Written by Jason Gooljar

March 20th, 2009 at 10:40 am

AIG: Bailout money, your money, goes to PR groups

View Comments

I actually heard Rachel Maddow bring this up on her show this evening. Then I read about it in the Center for Media and Democracy’s email newsletter. AIG is on its fourth tax payer bailout and has retained the services of four PR corporations. This is rather pathetic because while they say they need the bailout money to function, they can still afford to pay these PR people.

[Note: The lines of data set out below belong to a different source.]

lemma min_cover_cyclic_detection_rate_attained:
  assumes model: "detection_model V E C"
    and cover: "set_cover V E C (set xs)" "card (set xs) = nstar V E C"
    and xs: "distinct xs" "b1 \<le> length xs" and "0 < b2"
  shows "\<exists>\<sigma>2. set_pmf \<sigma>2 \<subseteq> A2 E b2 - {{}} \<and>
           detection_rate C (cyclic_strategy xs b1) \<sigma>2 = b1 / length xs"
proof -
  have "xs \<noteq> []" using set_cover_list_nonempty[OF model cover(1)] .
  then have x: "hd xs \<in> set xs" by simp
  obtain e where e: "e \<in> C (hd xs)" "\<forall>i\<in>set xs. e \<in> C i \<longrightarrow> i = hd xs"
    using min_set_cover_private_element[OF model cover x] by blast
  have "e \<in> E" using e(1) x cover(1) by (auto simp: set_cover_def CS_def)
  have "detection_rate C (cyclic_strategy xs b1) (return_pmf {e})
      = measure_pmf.expectation (cyclic_strategy xs b1) (\<lambda>S. of_bool (hd xs \<in> S))"
  proof -
    have "e \<in> CS C S \<longleftrightarrow> hd xs \<in> S" if "S \<in> set_pmf (cyclic_strategy xs b1)" for S
      using that e cyc_window_subset[OF \<open>xs \<noteq> []\<close>]
      by (auto simp: set_pmf_cyclic_strategy[OF \<open>xs \<noteq> []\<close>] CS_def)
    then show ?thesis
      using \<open>xs \<noteq> []\<close>
      by (simp add: detection_rate_eq_expectation_attacker finite_set_pmf_cyclic_strategy
          expected_detections_def Fdet_def)
         (intro integral_cong_AE, auto simp: AE_measure_pmf_iff)
  qed
  also have "\<dots> = b1 / length xs" by (rule expectation_mem_cyclic_strategy[OF xs x])
  finally show ?thesis using \<open>e \<in> E\<close> \<open>0 < b2\<close> by (intro exI[of _ "return_pmf {e}"]) (auto simp: A2_def)
qed

theorem theorem2:
  fixes V :: "'v set" and E :: "'e set" and C :: "'v \<Rightarrow> 'e set"
    and b1 b2 :: nat and \<epsilon> :: real
    and Smin :: "'v set" and Tmax :: "'e set" and xs :: "'v list" and ys :: "'e list"
  assumes model: "detection_model V E C"
    and b1_pos: "0 < b1" and b2_pos: "0 < b2"
    and b1_lt: "b1 < nstar V E C" and b2_lt: "b2 < mstar V E C"
    and eps_def: "\<epsilon> = real b1 * real b2 *
                    (1 / real (max b1 (mstar V E C)) - 1 / real (nstar V E C))"
    and Smin: "set_cover V E C Smin" "card Smin = nstar V E C"
    and Tmax: "set_packing V E C Tmax" "card Tmax = mstar V E C"
    and xs: "distinct xs" "set xs = Smin"
    and ys: "distinct ys" "set ys = Tmax"
  shows
    "eps_nash V E C b1 b2 \<epsilon> (cyclic_strategy xs b1) (cyclic_strategy ys b2)
     \<and> (\<forall>\<sigma>1s \<sigma>2s. nash V E C b1 b2 \<sigma>1s \<sigma>2s \<longrightarrow>
          \<bar>U1 C (cyclic_strategy xs b1) (cyclic_strategy ys b2) - U1 C \<sigma>1s \<sigma>2s\<bar> \<le> \<epsilon> \<and>
          \<bar>U2 C (cyclic_strategy xs b1) (cyclic_strategy ys b2) - U2 C \<sigma>1s \<sigma>2s\<bar> \<le> \<epsilon>)
     \<and> (\<forall>\<sigma>2. set_pmf \<sigma>2 \<subseteq> A2 E b2 - {{}} \<longrightarrow>
          real b1 / real (nstar V E C) \<le> detection_rate C (cyclic_strategy xs b1) \<sigma>2)
     \<and> (\<exists>\<sigma>2. set_pmf \<sigma>2 \<subseteq> A2 E b2 - {{}} \<and>
          detection_rate C (cyclic_strategy xs b1) \<sigma>2 = real b1 / real (nstar V E C))
     \<and> (\<forall>\<sigma>1s \<sigma>2s. nash V E C b1 b2 \<sigma>1s \<sigma>2s \<longrightarrow>
          real b1 / real (nstar V E C) \<ge>
          real (max b1 (mstar V E C)) / real (nstar V E C) * detection_rate C \<sigma>1s \<sigma>2s)"
proof -
  have n: "length xs = nstar V E C" using xs Smin(2) distinct_card by metis
  have m: "length ys = mstar V E C" using ys Tmax(2) distinct_card by metis
  have cover: "set_cover V E C (set xs)" and packing: "set_packing V E C (set ys)"
    using Smin(1) Tmax(1) xs(2) ys(2) by simp_all
  have "mstar V E C \<le> nstar V E C"
    using card_set_packing_le_card_set_cover[OF model Smin(1) Tmax(1)] Smin(2) Tmax(2) by simp
  then have b2_lt_n: "b2 < nstar V E C" using b2_lt by linarith
  have "ys \<noteq> []" using m b2_lt by auto
  have b1_le: "b1 \<le> length xs" and b2_le: "b2 \<le> length ys" using n m b1_lt b2_lt by simp_all
  note profile = cyclic_profile_U1_ge cyclic_profile_U1_le cyclic_profile_U1_add_U2
  note profile = profile[OF model cover xs(1) b1_le packing ys(1) b2_le \<open>ys \<noteq> []\<close>, unfolded n m]
  have eps: "\<epsilon> = b1 * b2 / max b1 (mstar V E C) - b1 * b2 / nstar V E C"
    using eps_def by (simp add: right_diff_distrib)
  note nash_bounds = nash_U1_ge[OF model _ b1_lt b2_lt_n] nash_U1_le[OF model _ b1_lt b2_lt_n b2_pos]
    nash_U1_add_U2[OF model _ b1_lt b2_lt_n]
  show ?thesis
  proof (intro conjI allI impI)
    show "eps_nash V E C b1 b2 \<epsilon> (cyclic_strategy xs b1) (cyclic_strategy ys b2)"
      using cyclic_profile_eps_nash[OF model cover xs(1) b1_le packing ys(1) b2_le \<open>ys \<noteq> []\<close>] eps n m
      by simp
  next
    fix \<sigma>1s \<sigma>2s assume "nash V E C b1 b2 \<sigma>1s \<sigma>2s"
    note nash_bounds = nash_bounds[OF this]
    show "\<bar>U1 C (cyclic_strategy xs b1) (cyclic_strategy ys b2) - U1 C \<sigma>1s \<sigma>2s\<bar> \<le> \<epsilon>"
      using profile nash_bounds b2_lt eps by (simp add: abs_le_iff)
    show "\<bar>U2 C (cyclic_strategy xs b1) (cyclic_strategy ys b2) - U2 C \<sigma>1s \<sigma>2s\<bar> \<le> \<epsilon>"
      using profile nash_bounds b2_lt eps by (simp add: abs_le_iff)
  next
    fix \<sigma>2 assume "set_pmf \<sigma>2 \<subseteq> A2 E b2 - {{}}"
    then show "real b1 / real (nstar V E C) \<le> detection_rate C (cyclic_strategy xs b1) \<sigma>2"
      using cyclic_cover_detection_rate_ge[OF model cover xs(1) b1_le] n by simp
  next
    show "\<exists>\<sigma>2. set_pmf \<sigma>2 \<subseteq> A2 E b2 - {{}} \<and>
            detection_rate C (cyclic_strategy xs b1) \<sigma>2 = real b1 / real (nstar V E C)"
      using min_cover_cyclic_detection_rate_attained[OF model cover _ xs(1) b1_le b2_pos] xs(2) Smin(2) n
      by simp
  next
    fix \<sigma>1s \<sigma>2s assume "nash V E C b1 b2 \<sigma>1s \<sigma>2s"
    then show "real (max b1 (mstar V E C)) / real (nstar V E C) * detection_rate C \<sigma>1s \<sigma>2s
        \<le> real b1 / real (nstar V E C)"
      using nash_detection_rate_le[OF model _ b1_lt b2_lt_n b2_pos] b2_lt by simp
  qed
qed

While bailout recipients have been criticized for planning lavish retreats (which AIG has done repeatedly), using private jets and retaining lobbying firms, "some taxpayers and members of Congress could view public relations as unnecessary expenses," warns the New York Times. AIG "may legitimately need help talking to the crowds of journalists, regulators, legislators and investors," but the insurance giant has "given little clarity on taxpayer losses to date, or provided much communication directed towards taxpayers at all."

Then there’s the issue about one of the PR groups AIG has hired, Burson-Marsteller, where Maddow actually brought out the truth on who they represent on a previous show.

Let’s see representing corporations like Blackwater, Union Carbide (Bhopal disaster), and Phillip Morris can’t be good. Looks like bad PR for the PR flacks. “When evil needs public relations, evil has Burson-Marsteller on speed dial.” Rachel Maddow goes on to say “that’s why its so creepy that Hillary Clinton’s pollster and chief strategist in her presidential campaign was Mark Penn.” He’s the CEO of Burson-Marsteller.